|The upscale Corinthia Budapest is one of the many new hotels in Central and Eastern Europe.|
In what could well be called a defiance of the worldwide recession, hotel development has been progressing throughout Europe, and in some unexpected ways.
Where They’re Building
Major brands—notably luxury brands —are seeking out new cities for development and finding new ways to create and recreate hotels. For example, Four Seasons, which just revamped and renamed its flagship hotel on Park Lane in London, has a new property planned in Vienna as well as a second Central London hotel that will be part of the new Heron Tower, says Scott Woroch, executive vice president of worldwide development. The company wants a presence in Spain—Madrid and Barcelona are the best bets—as well as in Rome, Woroch adds. A major factor in choosing a location to develop a hotel is the city’s—or country’s—economy. “Poland is a country that is showing great strength right now, and so we’re looking at Warsaw,” says Woroch.
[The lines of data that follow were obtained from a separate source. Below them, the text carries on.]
(* Suppose $\gamma=\lambda/L$ (so that $f_\gamma^\lambda=f_{1/L}$, where $f_{1/L}(z):=\min_yf(y)+\frac L2\|y-z\|^2$). Then for every $z\in\Omega_0$, $$\frac{f(z)-f_*}2\le f_{1/L}(z)-f_*\le f(z)-f_*.$$
   Context: $f:\mathbb{R}^d\to\mathbb{R}$ is closed, twice continuously differentiable with $\inf f=f_*>-\infty$ attained, $\tau$-weakly convex on $\mathbb{R}^d$ with $L\ge2\tau>0$, $\lambda>0$. For $\gamma>0$, $f_\gamma^\lambda(x):=\min_yf(y)+\frac\lambda{2\gamma}\|x-y\|^2$. $x_0\in\mathbb{R}^d$ is fixed, $\Delta:=f_\gamma^\lambda(x_0)-\min f_\gamma^\lambda$, $\Omega_0:=\{x:f_\gamma^\lambda(x)-\min f_\gamma^\lambda\le2\Delta\}$, $R_0=\sqrt{\Delta\gamma/(160\lambda)}$, $\Omega:=\mathrm{conv}(\{x:\exists w\in\Omega_0,\|x-w\|\le R_0\})$, and for all $x,y\in\Omega$: $\|\nabla f(x)-\nabla f(y)\|\le L\|x-y\|$ and $\|\nabla f(x)\|^2\le2L(f(x)-f_* )$. *)

theory Defs
  imports "HOL-Analysis.Analysis"
begin

definition moreau_env :: "('a::real_normed_vector \<Rightarrow> real) \<Rightarrow> real \<Rightarrow> real \<Rightarrow> 'a \<Rightarrow> real" where
  "moreau_env f gam lam x = (INF y. f y + lam / (2 * gam) * (norm (x - y))\<^sup>2)"

definition weakly_convex :: "('a::real_normed_vector \<Rightarrow> real) \<Rightarrow> real \<Rightarrow> bool" where
  "weakly_convex f tau \<longleftrightarrow> convex_on UNIV (\<lambda>x. f x + tau / 2 * (norm x)\<^sup>2)"

end

theory Submission
  imports Defs
begin

text \<open>Let \<open>p\<close> minimise \<open>f y + L/2 \<parallel>y - z\<parallel>\<^sup>2\<close> (a proximal point of \<open>z\<close>; it exists by coercivity).
  The upper bound is the choice \<open>y = z\<close>. For the lower bound, the envelope does not increase
  along the segment from \<open>p\<close> to \<open>z\<close>, so this segment lies in \<open>\<Omega>\<^sub>0 \<subseteq> \<Omega>\<close>, where \<open>\<nabla>f\<close> is
  \<open>L\<close>-Lipschitz. The descent lemma gives \<open>f z \<le> f p + \<langle>\<nabla>f p, z - p\<rangle> + L/2 \<parallel>z - p\<parallel>\<^sup>2\<close>, and
  Young's inequality together with \<open>\<parallel>\<nabla>f p\<parallel>\<^sup>2 \<le> 2L (f p - f\<^sub>*)\<close> bounds the middle term by
  \<open>f p - f\<^sub>* + L/2 \<parallel>z - p\<parallel>\<^sup>2\<close>.\<close>

lemma descent_lemma:
  fixes f :: "'a::real_inner \<Rightarrow> real"
  assumes grad: "\<And>x. (f has_derivative (\<lambda>h. grad x \<bullet> h)) (at x)"
    and seg: "closed_segment a b \<subseteq> S"
    and Lip: "\<And>x y. x \<in> S \<Longrightarrow> y \<in> S \<Longrightarrow> norm (grad x - grad y) \<le> L * norm (x - y)"
  shows "f b \<le> f a + grad a \<bullet> (b - a) + L / 2 * (norm (b - a))\<^sup>2"
proof -
  define u where "u = b - a"
  define \<phi> where "\<phi> t = f (a + t *\<^sub>R u) - t * (grad a \<bullet> u) - L / 2 * t\<^sup>2 * (norm u)\<^sup>2" for t
  have on_seg: "a + t *\<^sub>R u \<in> S" if "0 \<le> t" "t \<le> 1" for t
  proof -
    have "a + t *\<^sub>R u \<in> closed_segment a b"
      unfolding in_segment u_def using that by (intro exI[of _ t]) (simp add: algebra_simps)
    then show ?thesis
      using seg by blast
  qed
  have f_line: "((\<lambda>t. f (a + t *\<^sub>R u)) has_real_derivative grad (a + t *\<^sub>R u) \<bullet> u) (at t)" for t
  proof -
    have "((\<lambda>t. a + t *\<^sub>R u) has_derivative (\<lambda>h. h *\<^sub>R u)) (at t)"
      by (auto intro!: derivative_eq_intros)
    from has_derivative_compose[OF this grad] show ?thesis
      unfolding has_field_derivative_def by (rule has_derivative_eq_rhs) (auto simp: fun_eq_iff)
  qed
  have "\<phi> 1 \<le> \<phi> 0"
  proof (rule DERIV_nonpos_imp_nonincreasing[of 0 1])
    fix t :: real
    assume t: "0 \<le> t" "t \<le> 1"
    have "(grad (a + t *\<^sub>R u) - grad a) \<bullet> u \<le> norm (grad (a + t *\<^sub>R u) - grad a) * norm u"
      by (rule norm_cauchy_schwarz)
    also have "\<dots> \<le> L * norm ((a + t *\<^sub>R u) - a) * norm u"
      by (rule mult_right_mono[OF Lip]) (use on_seg[of t] on_seg[of 0] t in auto)
    also have "\<dots> = L * t * (norm u)\<^sup>2"
      using t by (simp add: power2_eq_square)
    finally have "grad (a + t *\<^sub>R u) \<bullet> u - grad a \<bullet> u - L * t * (norm u)\<^sup>2 \<le> 0"
      by (simp add: inner_diff_left)
    moreover have "(\<phi> has_real_derivative
        grad (a + t *\<^sub>R u) \<bullet> u - grad a \<bullet> u - L * t * (norm u)\<^sup>2) (at t)"
      unfolding \<phi>_def by (auto intro!: derivative_eq_intros f_line)
    ultimately show "\<exists>y. (\<phi> has_real_derivative y) (at t) \<and> y \<le> 0"
      by blast
  qed simp
  then show ?thesis
    unfolding \<phi>_def u_def by simp
qed

lemma inner_le_by_gradient_bound:
  fixes g d :: "'a::real_inner"
  assumes "L > 0" and "(norm g)\<^sup>2 \<le> 2 * L * \<delta>"
  shows "g \<bullet> d \<le> \<delta> + L / 2 * (norm d)\<^sup>2"
proof -
  have "g \<bullet> d \<le> norm g * norm d"
    by (rule norm_cauchy_schwarz)
  also have "\<dots> \<le> (norm g)\<^sup>2 / (2 * L) + L / 2 * (norm d)\<^sup>2"
  proof -
    have "2 * L * (norm g * norm d) \<le> (norm g)\<^sup>2 + L\<^sup>2 * (norm d)\<^sup>2"
      using sum_squares_ge_zero[of "norm g - L * norm d" 0]
      by (simp add: power2_eq_square algebra_simps)
    then show ?thesis
      using \<open>L > 0\<close> by (simp add: field_simps power2_eq_square)
  qed
  also have "(norm g)\<^sup>2 / (2 * L) \<le> \<delta>"
    using assms by (simp add: field_simps)
  finally show ?thesis
    by simp
qed

lemma moreau_env_eq_INF:
  assumes "lam > 0" and "L > 0"
  shows "moreau_env f (lam / L) lam x = (INF y. f y + L / 2 * (norm (y - x))\<^sup>2)"
  using assms unfolding moreau_env_def by (simp add: norm_minus_commute)

lemma bdd_below_prox_objective:
  assumes "\<And>y. m \<le> f y" and "0 \<le> c"
  shows "bdd_below (range (\<lambda>y. f y + c * (norm (y - x))\<^sup>2))"
  by (rule bdd_belowI2[of _ m]) (use assms in \<open>auto intro: add_increasing2\<close>)

lemma prox_INF_ge:
  assumes "\<And>y. m \<le> f y" and "0 \<le> c"
  shows "m \<le> (INF y. f y + c * (norm (y - x))\<^sup>2)"
  by (rule cINF_greatest) (use assms in \<open>auto intro: add_increasing2\<close>)

lemma prox_minimizer_exists:
  fixes f :: "'a::euclidean_space \<Rightarrow> real"
  assumes cont: "continuous_on UNIV f" and f_ge: "\<And>y. m \<le> f y" and "c > 0"
  obtains p where "\<And>y. f p + c * (norm (p - x))\<^sup>2 \<le> f y + c * (norm (y - x))\<^sup>2"
proof -
  define h where "h y = f y + c * (norm (y - x))\<^sup>2" for y
  define R where "R = sqrt ((f x - m) / c)"
  have "R \<ge> 0"
    unfolding R_def using f_ge[of x] \<open>c > 0\<close> by simp
  have "continuous_on (cball x R) h"
    unfolding h_def by (intro continuous_intros continuous_on_subset[OF cont]) auto
  then obtain p where "p \<in> cball x R" and p_min: "\<And>y. y \<in> cball x R \<Longrightarrow> h p \<le> h y"
    using continuous_attains_inf[OF compact_cball] \<open>R \<ge> 0\<close> by (metis cball_eq_empty not_less)
  have "h p \<le> h y" for y
  proof (cases "y \<in> cball x R")
    case False
    then have "R\<^sup>2 \<le> (norm (y - x))\<^sup>2"
      using \<open>R \<ge> 0\<close> by (intro power_mono) (auto simp: dist_norm norm_minus_commute)
    moreover have "R\<^sup>2 = (f x - m) / c"
      unfolding R_def using f_ge[of x] \<open>c > 0\<close> by simp
    ultimately have "h x \<le> h y"
      unfolding h_def using f_ge[of y] \<open>c > 0\<close> by (simp add: field_simps)
    moreover have "h p \<le> h x"
      using p_min \<open>R \<ge> 0\<close> by simp
    ultimately show ?thesis
      by simp
  qed (rule p_min)
  then show ?thesis
    using that unfolding h_def by blast
qed

lemma prox_INF_eq_minimum:
  assumes "\<And>y. f p + c * (norm (p - x))\<^sup>2 \<le> f y + c * (norm (y - x))\<^sup>2"
  shows "(INF y. f y + c * (norm (y - x))\<^sup>2) = f p + c * (norm (p - x))\<^sup>2"
  by (rule cInf_eq_minimum) (use assms in auto)

text \<open>The proximal point \<open>p\<close> of \<open>x\<close> is at least as close to every point of the segment
  from \<open>p\<close> to \<open>x\<close>, which bounds the envelope there.\<close>

lemma prox_INF_le_on_segment:
  assumes p: "\<And>y. f p + c * (norm (p - x))\<^sup>2 \<le> f y + c * (norm (y - x))\<^sup>2"
    and f_ge: "\<And>y. m \<le> f y" and "0 \<le> c" and w: "w \<in> closed_segment p x"
  shows "(INF y. f y + c * (norm (y - w))\<^sup>2) \<le> (INF y. f y + c * (norm (y - x))\<^sup>2)"
proof -
  have "(INF y. f y + c * (norm (y - w))\<^sup>2) \<le> f p + c * (norm (p - w))\<^sup>2"
    by (rule cINF_lower[OF bdd_below_prox_objective[OF f_ge \<open>0 \<le> c\<close>]]) simp
  also have "\<dots> \<le> f p + c * (norm (p - x))\<^sup>2"
    using segment_bound1[OF w] \<open>0 \<le> c\<close>
    by (intro add_left_mono mult_left_mono power_mono) (auto simp: norm_minus_commute)
  finally show ?thesis
    unfolding prox_INF_eq_minimum[OF p] .
qed

lemma subset_hull_thickening:
  assumes "0 \<le> r"
  shows "A \<subseteq> convex hull {x. \<exists>w\<in>A. norm (x - w) \<le> r}"
  using assms by (auto intro!: hull_inc bexI)

theorem lemma15:
  fixes f :: "'a::euclidean_space \<Rightarrow> real"
    and grad :: "'a \<Rightarrow> 'a"
    and H :: "'a \<Rightarrow> 'a \<Rightarrow>\<^sub>L 'a"
    and tau L lam gam :: real
    and x0 z :: 'a
  assumes grad: "\<And>x. (f has_derivative (\<lambda>h. grad x \<bullet> h)) (at x)"
    and hess: "\<And>x. (grad has_derivative blinfun_apply (H x)) (at x)"
    and hess_cont: "continuous_on UNIV H"
    and attained: "\<exists>xs. \<forall>y. f xs \<le> f y"
    and wc: "weakly_convex f tau"
    and tau_pos: "tau > 0" and L_ge: "L \<ge> 2 * tau" and lam_pos: "lam > 0"
    and gam_def: "gam = lam / L"
    and Lip: "\<And>x y. x \<in> convex hull {x. \<exists>w \<in> {v. moreau_env f gam lam v - Inf (range (moreau_env f gam lam))
                   \<le> 2 * (moreau_env f gam lam x0 - Inf (range (moreau_env f gam lam)))}.
                   norm (x - w) \<le> sqrt ((moreau_env f gam lam x0 - Inf (range (moreau_env f gam lam))) * gam / (160 * lam))}
            \<Longrightarrow> y \<in> convex hull {x. \<exists>w \<in> {v. moreau_env f gam lam v - Inf (range (moreau_env f gam lam))
                   \<le> 2 * (moreau_env f gam lam x0 - Inf (range (moreau_env f gam lam)))}.
                   norm (x - w) \<le> sqrt ((moreau_env f gam lam x0 - Inf (range (moreau_env f gam lam))) * gam / (160 * lam))}
            \<Longrightarrow> norm (grad x - grad y) \<le> L * norm (x - y)"
    and gradbd: "\<And>x. x \<in> convex hull {x. \<exists>w \<in> {v. moreau_env f gam lam v - Inf (range (moreau_env f gam lam))
                   \<le> 2 * (moreau_env f gam lam x0 - Inf (range (moreau_env f gam lam)))}.
                   norm (x - w) \<le> sqrt ((moreau_env f gam lam x0 - Inf (range (moreau_env f gam lam))) * gam / (160 * lam))}
            \<Longrightarrow> (norm (grad x))\<^sup>2 \<le> 2 * L * (f x - Inf (range f))"
    and z_in: "moreau_env f gam lam z - Inf (range (moreau_env f gam lam))
                   \<le> 2 * (moreau_env f gam lam x0 - Inf (range (moreau_env f gam lam)))"
  shows "(f z - Inf (range f)) / 2 \<le> (INF y. f y + L / 2 * (norm (y - z))\<^sup>2) - Inf (range f)
       \<and> (INF y. f y + L / 2 * (norm (y - z))\<^sup>2) - Inf (range f) \<le> f z - Inf (range f)"
proof -
  define m where "m = Inf (range f)"
  define E where "E = moreau_env f gam lam"
  define \<Omega>\<^sub>0 where "\<Omega>\<^sub>0 = {v. E v - Inf (range E) \<le> 2 * (E x0 - Inf (range E))}"
  define \<Omega> where "\<Omega> = convex hull {x. \<exists>w\<in>\<Omega>\<^sub>0. norm (x - w) \<le> sqrt ((E x0 - Inf (range E)) * gam / (160 * lam))}"
  note Lip_\<Omega> = Lip[folded E_def, folded \<Omega>\<^sub>0_def, folded \<Omega>_def]
    and gradbd_\<Omega> = gradbd[folded E_def, folded \<Omega>\<^sub>0_def, folded \<Omega>_def, folded m_def]
  have L_pos: "L > 0"
    using tau_pos L_ge by linarith
  have f_ge: "m \<le> f y" for y
    using attained unfolding m_def by (auto intro!: cInf_lower bdd_belowI2)
  have E_eq: "E x = (INF y. f y + L / 2 * (norm (y - x))\<^sup>2)" for x
    unfolding E_def gam_def using moreau_env_eq_INF[OF lam_pos L_pos] .
  have f_cont: "continuous_on UNIV f"
    using grad by (meson has_derivative_continuous continuous_at_imp_continuous_on)
  obtain p where p: "\<And>y. f p + L / 2 * (norm (p - z))\<^sup>2 \<le> f y + L / 2 * (norm (y - z))\<^sup>2"
    using prox_minimizer_exists[OF f_cont f_ge, where c = "L / 2" and x = z] L_pos by auto
  have "E x0 \<ge> Inf (range E)"
    using f_ge L_pos unfolding E_eq by (intro cInf_lower bdd_belowI2[of _ m] prox_INF_ge) auto
  then have "\<Omega>\<^sub>0 \<subseteq> \<Omega>"
    unfolding \<Omega>_def gam_def using lam_pos L_pos by (intro subset_hull_thickening) simp
  moreover have "closed_segment p z \<subseteq> \<Omega>\<^sub>0"
  proof
    fix w
    assume "w \<in> closed_segment p z"
    then have "E w \<le> E z"
      unfolding E_eq using prox_INF_le_on_segment[OF p f_ge] L_pos by simp
    then show "w \<in> \<Omega>\<^sub>0"
      using z_in unfolding \<Omega>\<^sub>0_def E_def by simp
  qed
  ultimately have seg: "closed_segment p z \<subseteq> \<Omega>"
    by blast
  have "f z \<le> f p + grad p \<bullet> (z - p) + L / 2 * (norm (z - p))\<^sup>2"
    by (rule descent_lemma[OF grad seg Lip_\<Omega>])
  moreover have "grad p \<bullet> (z - p) \<le> f p - m + L / 2 * (norm (z - p))\<^sup>2"
    using seg by (intro inner_le_by_gradient_bound[OF L_pos gradbd_\<Omega>]) auto
  moreover have "f p + L / 2 * (norm (p - z))\<^sup>2 \<le> f z"
    using p[of z] by simp
  ultimately show ?thesis
    using prox_INF_eq_minimum[OF p] unfolding m_def by (simp add: norm_minus_commute)
qed

end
Russia is also on the Four Seasons list, with a hotel in St. Petersburg expected to open this year, and a Moscow hotel in development.
Staying with Russia, Starwood Hotels & Resorts expects to double its footprint there by 2013 with openings in St. Petersburg, Perm and Rostov-on-Don. This year, the brand will debut in Ukraine with the Four Points by Sheraton Zaporozhye. Four hotels will open in Turkey by the end of 2013, including the flagship Le Méridien Istanbul Etiler. Three Ws are slated to open this year in London, St. Petersburg and Paris. The Aloft brand debuted in Europe last year in Brussels and will be joined by the Aloft London Excel this fall. “We see a conversion opportunity of as many as 50 hotels in Europe for The Luxury Collection that we plan to aggressively target in the coming years,” says Bart Carnahan, senior vice president acquisitions and development, Starwood Hotels & Resorts Europe, Africa and Middle East (EAME).
IHG’s InterContinental brand has nine hotels in the pipeline for Europe—in London, Milan, Moscow, Marseille, Porto, Kittsee, Davos, Tbilisi and Belgrade—representing a mixture of new-builds and conversions, says Andrew Gill, IHG’s vice president, development for Europe. Of note, Eastern Europe is on IHG’s radar. “There is a need for branded hotels in significant growth markets such as Turkey, Russia, Ukraine and Poland,” he says. “In Moscow alone, there are roughly 9,000 international standard rooms, which is equivalent to around just 10 percent of the hotel rooms in London or Paris. Kiev has only six internationally branded hotels, four of which are ours.”
Fairmont Raffles International has two simple requirements for where it looks to develop. “Our criteria of project selections are ‘feet in the water,’ and answering positively to the question: ‘Would I go here on holiday with my family?’” says Francois Baudin, senior vice president, development. A year after The Savoy in London reopened under Fairmont and the Royal Monceau in Paris was unveiled with the Raffles tag, Fairmont is expanding development in Europe.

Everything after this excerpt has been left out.